SQL Object Dependencies with Simple RegEx and Some Algo Magic

5.00/5 (2 votes)
10 Jan 2018CPOL4 min read 11.6K  
A simple yet powerful tool to analyze SQL object dependencies in quite a fast and reliable manner.

Introduction

Databases came to the world in 70. Since that, they became bigger in size, with more complicated logic and still keep growing. So, there are many tools, SQL parsers, which tokenize by-object script.

But common parsers (ANTLR, e.g.) may face with script parsing errors, each SQL dialect has its own specials, and time issues on huge number of DB objects.

So, I want to show much simpler, a RegEx+some trick way.

Main Concepts

  1. Get one-file SQL script of whole db objects.
  2. Split SQL script onto text blocks by using regex that match DDL statements
  3. Search some text string among these text blocks

Implementation

1. Take All SQL Objects Script

Each RDBMS has an option to generate SQL drop/create scripts. So, first we get single SQL script of all database objects.
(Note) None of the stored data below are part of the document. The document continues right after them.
(* Let $u(n)$ be a sequence of nonnegative integers with $\lim_{n\to\infty}u(n)=\infty$, and for each $n$ let $A:\widehat{\mathbb{Z}}^{n+u(n)}\to\widehat{\mathbb{Z}}^n$ be a random $n\times(n+u(n))$ matrix whose entries are independent and each distributed according to the Haar probability measure on $\widehat{\mathbb{Z}}$. Then \[\lim_{n\to\infty}\mathbb{P}(A\text{ is surjective})=1.\]
   Context: $\widehat{\mathbb{Z}}=\prod_{p\text{ prime}}\mathbb{Z}_p$ is the profinite completion of $\mathbb{Z}$, with its Haar probability measure (the product of the Haar probability measures on the $p$-adic integers $\mathbb{Z}_p$). *)

theory Defs
  imports "HOL-Probability.Probability"
begin

text \<open>Model of the profinite integers: by the Chinese remainder theorem
  Zhat = prod_p Z_p, and each p-adic integer is written by its p-adic digit
  expansion sum_k d_k p^k with digits d_k in {0..<p}.  An element of Zhat is
  thus an (extensional) digit function on index pairs (p,k), p prime, k :: nat.\<close>

definition zhat_idx :: "(nat \<times> nat) set" where
  "zhat_idx = {(p, k). prime p}"

definition zhat_space :: "(nat \<times> nat \<Rightarrow> nat) set" where
  "zhat_space = (\<Pi>\<^sub>E (p, k)\<in>zhat_idx. {0..<p})"

text \<open>Haar probability measure on Zhat: product over primes of the Haar
  measures on Z_p, the latter being the product of uniform measures on the digits.\<close>
definition zhat_haar :: "(nat \<times> nat \<Rightarrow> nat) measure" where
  "zhat_haar = (\<Pi>\<^sub>M (p, k)\<in>zhat_idx. uniform_count_measure {0..<p})"

definition zres :: "(nat \<times> nat \<Rightarrow> nat) \<Rightarrow> nat \<Rightarrow> nat \<Rightarrow> int" where
  "zres x p k = (\<Sum>j<k. int (x (p, j)) * int p ^ j)"

text \<open>Equality in Zhat of (sum_j a_j * x_j) and y: equality of all components in
  Z_p = lim Z/p^k Z, i.e. congruence modulo every p^k.\<close>
definition zhat_lincomb_eq ::
  "nat \<Rightarrow> (nat \<Rightarrow> nat \<times> nat \<Rightarrow> nat) \<Rightarrow> (nat \<Rightarrow> nat \<times> nat \<Rightarrow> nat) \<Rightarrow> (nat \<times> nat \<Rightarrow> nat) \<Rightarrow> bool" where
  "zhat_lincomb_eq m a x y \<longleftrightarrow>
     (\<forall>p k. prime p \<longrightarrow>
        (\<Sum>j<m. zres (a j) p k * zres (x j) p k) mod (int p ^ k) = zres y p k mod (int p ^ k))"

definition zhat_mat_surj ::
  "nat \<Rightarrow> nat \<Rightarrow> (nat \<times> nat \<Rightarrow> nat \<times> nat \<Rightarrow> nat) \<Rightarrow> bool" where
  "zhat_mat_surj n m A \<longleftrightarrow>
     (\<forall>y \<in> {..<n} \<rightarrow>\<^sub>E zhat_space. \<exists>x \<in> {..<m} \<rightarrow>\<^sub>E zhat_space.
        \<forall>i<n. zhat_lincomb_eq m (\<lambda>j. A (i, j)) x (y i))"

definition zhat_random_matrix :: "nat \<Rightarrow> nat \<Rightarrow> (nat \<times> nat \<Rightarrow> nat \<times> nat \<Rightarrow> nat) measure" where
  "zhat_random_matrix n m = (\<Pi>\<^sub>M ij\<in>{..<n} \<times> {..<m}. zhat_haar)"

end

theory Submission
  imports Defs "HOL-Number_Theory.Cong"
begin

text \<open>A matrix over Zhat is surjective iff for every prime p its reduction modulo p is surjective
  onto (Z/p)^n: necessity by reducing a preimage of a unit vector, sufficiency by lifting
  solutions modulo p digit by digit to solutions modulo every p^k (Hensel). The reduction modulo p
  of a Haar-random matrix is uniform, and a uniform n x (n+u) matrix over Z/p fails to be surjective
  only if some nonzero v in (Z/p)^n annihilates all its columns; each v does so with probability
  p^-(n+u), so the failure probability at p is at most p^-u. Summing over the primes, the matrix is
  non-surjective with probability at most 2^(2-u) * sum_k k^-2, which tends to 0.\<close>

lemma space_zhat_haar: "space zhat_haar = zhat_space"
  unfolding zhat_haar_def zhat_space_def space_PiM
  by (simp add: space_uniform_count_measure case_prod_beta')

lemma prob_space_zhat_haar: "prob_space zhat_haar"
  unfolding zhat_haar_def
  by (rule prob_space_PiM)
    (auto simp: zhat_idx_def prime_gt_0_nat intro!: prob_space_uniform_count_measure)

definition zhat_residue_event :: "nat \<Rightarrow> nat \<Rightarrow> (nat \<times> nat \<Rightarrow> nat) set" where
  "zhat_residue_event p c = {x \<in> zhat_space. x (p, 0) = c}"

lemma zhat_residue_event_prod_emb:
  "zhat_residue_event p c =
     prod_emb zhat_idx (\<lambda>(p, k). uniform_count_measure {0..<p}) {(p, 0)} (\<Pi>\<^sub>E i\<in>{(p, 0)}. {c})"
proof -
  have "(\<Pi>\<^sub>E i\<in>zhat_idx. space (case i of (p, k) \<Rightarrow> uniform_count_measure {0..<p})) = zhat_space"
    using space_zhat_haar unfolding zhat_haar_def space_PiM .
  then show ?thesis
    unfolding prod_emb_def zhat_residue_event_def
    by (auto simp: restrict_def fun_eq_iff PiE_iff) metis
qed

lemma sets_zhat_residue_event:
  assumes "prime p" "c < p"
  shows "zhat_residue_event p c \<in> sets zhat_haar"
  unfolding zhat_residue_event_prod_emb zhat_haar_def
  by (rule sets_PiM_I) (use assms in \<open>auto simp: zhat_idx_def sets_uniform_count_measure\<close>)
(* Let $\Omega:[0,\infty)\to(0,\infty)$ be a continuous function increasing to infinity such that $\int_1^\infty \Omega(r)\,\frac{dr}{r^2}<\infty$, $\int_{\mathbb{R}^d} \exp(-\Omega(\|x\|))\,dx<\infty$, and $\Omega(r)>r^a$ on some interval $[r_0,\infty)$ for some $a<1$. Assume that $\Lambda\subseteq\widehat{\mathbb{R}}^d$ is a compact S-set of strict multiplicity, that $E\subseteq\mathbb{R}^d$ is a separated sequence, and that balayage is possible for $(E,\Lambda)$. Let $\epsilon>0$ be such that $K(E,\Lambda_\epsilon)<\infty$ (such $\epsilon$ exists). For this $\epsilon$, let $h\in L^1(\mathbb{R}^d)$ satisfy $h(0)=1$, $\operatorname{supp}(\widehat h)\subseteq\overline{B(0,\epsilon)}$, and $|h(x)|=O(e^{-\Omega(\|x\|)})$ as $\|x\|\to\infty$ (such $h$ exists). Then for each $y\in\mathbb{R}^d$ there are complex numbers $\{a_x(y)\}_{x\in E}$ (coming from balayage of $\delta_y$ onto $E$ for $\Lambda_\epsilon$, i.e. $\widehat{\delta_y}=\big(\sum_{x\in E}a_x(y)\delta_x\big)^\wedge$ on $\Lambda_\epsilon$) such that $$\sup_{y\in\mathbb{R}^d}\sum_{x\in E}|a_x(y)|\le K(E,\Lambda_\epsilon)<\infty$$ and $$\forall y\in\mathbb{R}^d,\ \forall f\in\mathcal{C}(\Lambda),\quad f(y)=\sum_{x\in E}f(x)\,a_x(y)\,h(x-y).$$ In particular, for all $y\in\mathbb{R}^d$ and $\gamma\in\Lambda$, $e^{2\pi i y\cdot\gamma}=\sum_{x\in E}a_x(y)h(x-y)e^{2\pi i x\cdot\gamma}$.
   Context: Fourier transform: $\widehat f(\gamma)=\int f(x)e^{-2\pi i x\cdot\gamma}dx$, $F^\vee(x)=\int F(\gamma)e^{2\pi i x\cdot\gamma}d\gamma$, extended to tempered distributions; $\widehat{\mathbb{R}}^d$ denotes $\mathbb{R}^d$ as the frequency domain. For closed $X$, $M_b(X)$ is the space of bounded complex Radon measures with support in $X$, with total variation norm $\|\cdot\|_1$. For closed $\Lambda\subseteq\widehat{\mathbb{R}}^d$, $\mathcal{C}(\Lambda)=\{f\in C_b(\mathbb{R}^d):\operatorname{supp}(\widehat f)\subseteq\Lambda\}$. For closed $E\subseteq\mathbb{R}^d$, balayage is possible for $(E,\Lambda)$ if for every $\mu\in M_b(\mathbb{R}^d)$ there is $\nu\in M_b(E)$ with $\widehat\mu=\widehat\nu$ on $\Lambda$. $K(E,\Lambda)$ is the smallest $K\ge0$ such that for all $\mu\in M_b(\mathbb{R}^d)$, $\inf\{\|\nu\|_1:\nu\in M_b(E),\ \widehat\nu=\widehat\mu\text{ on }\Lambda\}\le K\|\mu\|_1$ ($K(E,\Lambda)=\infty$ if no such $K$). A closed $\Lambda$ is an S-set (set of spectral synthesis) if for all $f\in\mathcal{C}(\Lambda)$ and $\mu\in M_b(\mathbb{R}^d)$ with $\widehat\mu=0$ on $\Lambda$ one has $\int f\,d\mu=0$. A closed $\Lambda$ is a set of strict multiplicity if there is $\mu\in M_b(\Lambda)\setminus\{0\}$ with $|\mu^\vee(x)|\to0$ as $\|x\|\to\infty$. $E$ is separated if $\inf\{\|x-y\|:x,y\in E,\ x\ne y\}>0$. $\Lambda_\epsilon=\{\gamma\in\widehat{\mathbb{R}}^d:\operatorname{dist}(\gamma,\Lambda)\le\epsilon\}$. *)

theory Defs
  imports "HOL-Analysis.Analysis"
begin
section \<open>Stable points\<close>

definition stable_at ::
  "('a::topological_space \<times> 'b \<Rightarrow> 'c::metric_space) \<Rightarrow> 'b set \<Rightarrow> real \<Rightarrow> 'a \<Rightarrow> bool" where
  "stable_at f V e a \<longleftrightarrow>
     ((\<forall>y\<in>V. \<forall>y'\<in>V. dist (f (a, y)) (f (a, y')) \<le> e) \<longrightarrow>
      (\<exists>U. open U \<and> a \<in> U \<and> (\<forall>x\<in>U. \<forall>y\<in>V. \<exists>y'\<in>V. dist (f (x, y)) (f (a, y')) \<le> 5 * e)))"

lemma lower_quasicont_ball:
  assumes "lower_quasicont (\<lambda>x. (\<lambda>y. f (x, y)) ` V)" "open G" "x0 \<in> G" "y0 \<in> V" "e > 0"
  obtains G' where "open G'" "G' \<noteq> {}" "G' \<subseteq> G"
    "\<forall>x\<in>G'. \<exists>y\<in>V. dist (f (x0, y0)) (f (x, y)) < e"
proof -
  have "nhd G x0" using assms(2,3) unfolding nhd_def by blast
  moreover have "(\<lambda>y. f (x0, y)) ` V \<inter> ball (f (x0, y0)) e \<noteq> {}" using assms(4,5) by auto
  ultimately obtain G' where G': "open G'" "G' \<noteq> {}" "G' \<subseteq> G"
      and meets: "\<forall>x\<in>G'. (\<lambda>y. f (x, y)) ` V \<inter> ball (f (x0, y0)) e \<noteq> {}"
    using assms(1) open_ball unfolding lower_quasicont_def by meson
  have "\<forall>x\<in>G'. \<exists>y\<in>V. dist (f (x0, y0)) (f (x, y)) < e"
    using meets by fastforce
  then show ?thesis using that G' by blast
qed
(*
  Since C lies inside the vertex set, the part of the closed
  neighbourhood of x seen by C is its trace  {z in C. z adjacent to x or z = x}.
  Domination: three code vertices with pairwise distinct rows and columns
  dominate everything, because a vertex x shares its row with at most one of
  them and its column with at most one of them.
  Separation: assume x = (i,r) and y = (j,s) are distinct with equal traces.
  A code vertex in the row or column of x lies in the trace of x only if it is
  x itself.  Since every row and every column meets C, this rules out i = j and
  r = s, and for i ~= j, r ~= s it confines C on the lines through x and y to
  the four corners of the rectangle spanned by x and y.  A purely combinatorial
  lemma then shows that such a rectangle cannot carry a code in which every
  vertex is alone in its row or in its column and at most one vertex is alone
  in both.
*)

definition alone_in_row :: "('a \<times> 'b) set \<Rightarrow> 'a \<times> 'b \<Rightarrow> bool" where
  "alone_in_row C v \<longleftrightarrow> (\<forall>w\<in>C. snd w = snd v \<longrightarrow> w = v)"

definition alone_in_col :: "('a \<times> 'b) set \<Rightarrow> 'a \<times> 'b \<Rightarrow> bool" where
  "alone_in_col C v \<longleftrightarrow> (\<forall>w\<in>C. fst w = fst v \<longrightarrow> w = v)"

lemma row_isolated_iff_alone:
  assumes "C \<subseteq> verts n m" "v \<in> C"
  shows "row_isolated n C v \<longleftrightarrow> alone_in_row C v"
proof -
  have "C \<inter> row n (snd v) = {w \<in> C. snd w = snd v}"
    using assms(1) unfolding row_def verts_def by fastforce
  then show ?thesis
    using assms(2) unfolding row_isolated_def alone_in_row_def by blast
qed

lemma col_isolated_iff_alone:
  assumes "C \<subseteq> verts n m" "v \<in> C"
  shows "col_isolated m C v \<longleftrightarrow> alone_in_col C v"
proof -
  have "C \<inter> column m (fst v) = {w \<in> C. fst w = fst v}"
    using assms(1) unfolding column_def verts_def by fastforce
  then show ?thesis
    using assms(2) unfolding col_isolated_def alone_in_col_def by blast
qed

lemma isolated_unique:
  assumes sub: "C \<subseteq> verts n m" and at_most_one: "card {v \<in> C. isolated n m C v} \<le> 1"
    and "v \<in> C" "w \<in> C" "alone_in_row C v" "alone_in_col C v" "alone_in_row C w" "alone_in_col C w"
  shows "v = w"
proof -
  have "finite {v \<in> C. isolated n m C v}"
    using sub finite_subset unfolding verts_def by fastforce
  moreover have "v \<in> {v \<in> C. isolated n m C v}" "w \<in> {v \<in> C. isolated n m C v}"
    using assms(3-) row_isolated_iff_alone[OF sub] col_isolated_iff_alone[OF sub]
    unfolding isolated_def by auto
  ultimately show "v = w" using at_most_one[unfolded One_nat_def] card_le_Suc0_iff_eq by blast
qed

lemma rectangle_corners_impossible:
  fixes C :: "('a \<times> 'b) set"
  assumes ij: "i \<noteq> j" and rs: "r \<noteq> s"
    and corners: "\<And>z. z \<in> C \<Longrightarrow> fst z \<in> {i, j} \<or> snd z \<in> {r, s} \<Longrightarrow> z \<in> {i, j} \<times> {r, s}"
    and cols_met: "\<exists>t. (i, t) \<in> C" "\<exists>t. (j, t) \<in> C"
    and rows_met: "\<exists>k. (k, r) \<in> C" "\<exists>k. (k, s) \<in> C"
    and alone: "\<And>v. v \<in> C \<Longrightarrow> alone_in_row C v \<or> alone_in_col C v"
    and one_isolated: "\<And>v w. v \<in> C \<Longrightarrow> w \<in> C \<Longrightarrow> alone_in_row C v \<Longrightarrow> alone_in_col C v
                        \<Longrightarrow> alone_in_row C w \<Longrightarrow> alone_in_col C w \<Longrightarrow> v = w"
  shows False
proof -
  have col_met: "(k, r) \<in> C \<or> (k, s) \<in> C" if k: "k \<in> {i, j}" for k
  proof -
    obtain t where "(k, t) \<in> C" using cols_met k by blast
    moreover from corners[OF this] k have "t \<in> {r, s}" by auto
    ultimately show ?thesis by blast
  qed
  have row_met: "(i, t) \<in> C \<or> (j, t) \<in> C" if t: "t \<in> {r, s}" for t
  proof -
    obtain k where "(k, t) \<in> C" using rows_met t by blast
    moreover from corners[OF this] t have "k \<in> {i, j}" by auto
    ultimately show ?thesis by blast
  qed
  text \<open>Two corners in a common column are not alone in it, hence alone in their
    rows, which empties the other column; symmetrically for rows.\<close>
  have not_both_col: "(k, r) \<notin> C \<or> (k, s) \<notin> C" if k: "k \<in> {i, j}" for k
  proof (rule ccontr)
    assume "\<not> ?thesis"
    then have both: "(k, r) \<in> C" "(k, s) \<in> C" by auto
    then have "\<not> alone_in_col C (k, r)" "\<not> alone_in_col C (k, s)"
      using rs unfolding alone_in_col_def by force+
    then have "alone_in_row C (k, r)" "alone_in_row C (k, s)"
      using alone both by blast+
    then have "(k', r) \<notin> C" "(k', s) \<notin> C" if "k' \<noteq> k" for k'
      using that unfolding alone_in_row_def by auto
    moreover obtain k' where "k' \<in> {i, j}" "k' \<noteq> k" using k ij by blast
    ultimately show False using col_met[of k'] by blast
  qed
  have not_both_row: "(i, t) \<notin> C \<or> (j, t) \<notin> C" if t: "t \<in> {r, s}" for t
  proof (rule ccontr)
    assume "\<not> ?thesis"
    then have both: "(i, t) \<in> C" "(j, t) \<in> C" by auto
    then have "\<not> alone_in_row C (i, t)" "\<not> alone_in_row C (j, t)"
      using ij unfolding alone_in_row_def by force+
    then have "alone_in_col C (i, t)" "alone_in_col C (j, t)"
      using alone both by blast+
    then have "(i, t') \<notin> C" "(j, t') \<notin> C" if "t' \<noteq> t" for t'
      using that unfolding alone_in_col_def by auto
    moreover obtain t' where "t' \<in> {r, s}" "t' \<noteq> t" using t rs by blast
    ultimately show False using row_met[of t'] by blast
  qed
  have isolated_corner: "alone_in_row C v \<and> alone_in_col C v"
    if v: "v \<in> C" "v \<in> {i, j} \<times> {r, s}"
      and no_mate: "\<And>w. w \<in> C \<Longrightarrow> w \<in> {i, j} \<times> {r, s} \<Longrightarrow> fst w = fst v \<or> snd w = snd v \<Longrightarrow> w = v"
    for v
  proof -
    have "w = v" if w: "w \<in> C" "fst w = fst v \<or> snd w = snd v" for w
    proof -
      have "fst w \<in> {i, j} \<or> snd w \<in> {r, s}" using w(2) v(2) by auto
      then show ?thesis using corners no_mate w by blast
    qed
    then show ?thesis unfolding alone_in_row_def alone_in_col_def by blast
  qed
  text \<open>Hence C meets the corners in a diagonal, both of whose vertices are isolated.\<close>
  consider "(i, r) \<in> C" "(j, s) \<in> C" "(i, s) \<notin> C" "(j, r) \<notin> C"
    | "(i, s) \<in> C" "(j, r) \<in> C" "(i, r) \<notin> C" "(j, s) \<notin> C"
    using col_met row_met not_both_col not_both_row by blast
  then show False
  proof cases
    case 1
    have "alone_in_row C (i, r) \<and> alone_in_col C (i, r)"
      by (rule isolated_corner) (use 1 ij rs in auto)
    moreover have "alone_in_row C (j, s) \<and> alone_in_col C (j, s)"
      by (rule isolated_corner) (use 1 ij rs in auto)
    ultimately show False using one_isolated[of "(i, r)" "(j, s)"] 1 ij by blast
  next
    case 2
    have "alone_in_row C (i, s) \<and> alone_in_col C (i, s)"
      by (rule isolated_corner) (use 2 ij rs in auto)
    moreover have "alone_in_row C (j, r) \<and> alone_in_col C (j, r)"
      by (rule isolated_corner) (use 2 ij rs in auto)
    ultimately show False using one_isolated[of "(i, s)" "(j, r)"] 2 ij by blast
  qed
qed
Or we can take northwind.sql as an example.

2. Get all DDL Statements with Regular Expression

I use this expression:

C#
\b(create|alter)\s+(unique)*\s*(nonclustered)*\s*
(procedure|proc|table|trigger|view|function|index)\b\s([^=<>\s\']+).([^=<>\s\'\(]+)[*\s\b\t]*

FastColoredTextBox gives the great tools to work with regular expressions, so we use:

C#
var result = range.GetRangesByLines(regexStr, RegexOptions.IgnoreCase);

First of all, I built some useful regex and collect them in one static class:

C#
public static class RegexValues
{
    public static string SqlCmdObjects = @"\[\$\(([^=<>\[\]\s\']+)\)\].\[[^=<>\s\']+\]";
    public static string SqlCmdObjectsShort = @"\$\(([^=<>\[\]\s\']+)\)";

    public static string DdlObjects = @"\b(create)\s+(procedure|proc|table|trigger|
           view|function)\b\s\[\$\(([^=<>\[\]\s\']+)\)\].\[[^=<>\s\']+\]";
    public static string DdlObjectsPrepared = @"\b(create)\s+(procedure|proc|table|
           trigger|view|function)\b\s\[([^=<>\[\]\s\']+)\].(\[[^=<>\s\']+\])";

    public static string DdlObjects_ = @"\b(create)\s+(procedure|proc|table|
                  trigger|view|function)\b\s\$\(([^=<>\[\]\s\']+)\).[^=<>\s\']+";

    public static string DdlObjectsPrepared_ = @"\b(create)\s+(procedure|proc|table|
                  trigger|view|function)\b\s([^=<>\s\']+).([^=<>\s\'\(]+)[*\s\b\t]*";

    public static string DdlObjectsPreparedProcViewTrigger = @"\b(create)\s+
    (procedure|proc|trigger|view|function)\b\s([^=<>\s\']+).([^=<>\s\'\(]+)[*\s\b\t]*";

    public static string DdlObjectsPreparedWithIndex = @"\b(create)\s+(unique)*\s*
    (nonclustered)*\s*(procedure|proc|table|trigger|view|function|index)\b\s
    ([^=<>\s\']+).([^=<>\s\'\(]+)[*\s\b\t]*";

    public static string DdlIndexAll = @"\b(create|alter)\s+(procedure|proc|table|
                  trigger|view|function)\b\s\[([^=<>\[\]\s\']+)\].\[[^=<>\s\']+\]";

    public static string Variables = @"\@([^=<>\s\'\)\(\,]+)";
    public static string SqlCmdVariables = @"\:SETVAR\s+([a-zA-Z_]+)\s+([a-zA-Z_]+)";
}
  • SqlCmdObjects - matches for [$(some_var)].[obj_name] or [$(some_var)].[obj_schema].[obj_name]
  • SqlCmdObjectsShort - matches for $(some_var)
  • DdlObjects - same as SqlCmdObjects plus create PROC/TABLE/VIEW/FUNC/TRIGGER statements
  • DdlObjectsPrepared - same as DdlObjects, but removed $ (sqlcmd variable) restriction
  • DdlObjects_ - same as DdlObjects, but removed enclosing [] restriction
  • DdlObjectsPrepared_ - same as DdlObjectsPrepared, but removed enclosing [] restriction
  • DdlObjectsPreparedProcViewTrigger - DDL statements for only proc, views, triggers and functions, i.e., only code objects
  • DdlObjectsPreparedWithIndex - same as DdlObjectsPrepared_, but extended with index statements
  • DdlIndexAll - same as DdlObjectsPrepared_, but extended with alter statements
  • Variables - regex that finds all @variables in script
  • SqlCmdVariables - finds SQL CMD variables (like :SETVAR var1 val1)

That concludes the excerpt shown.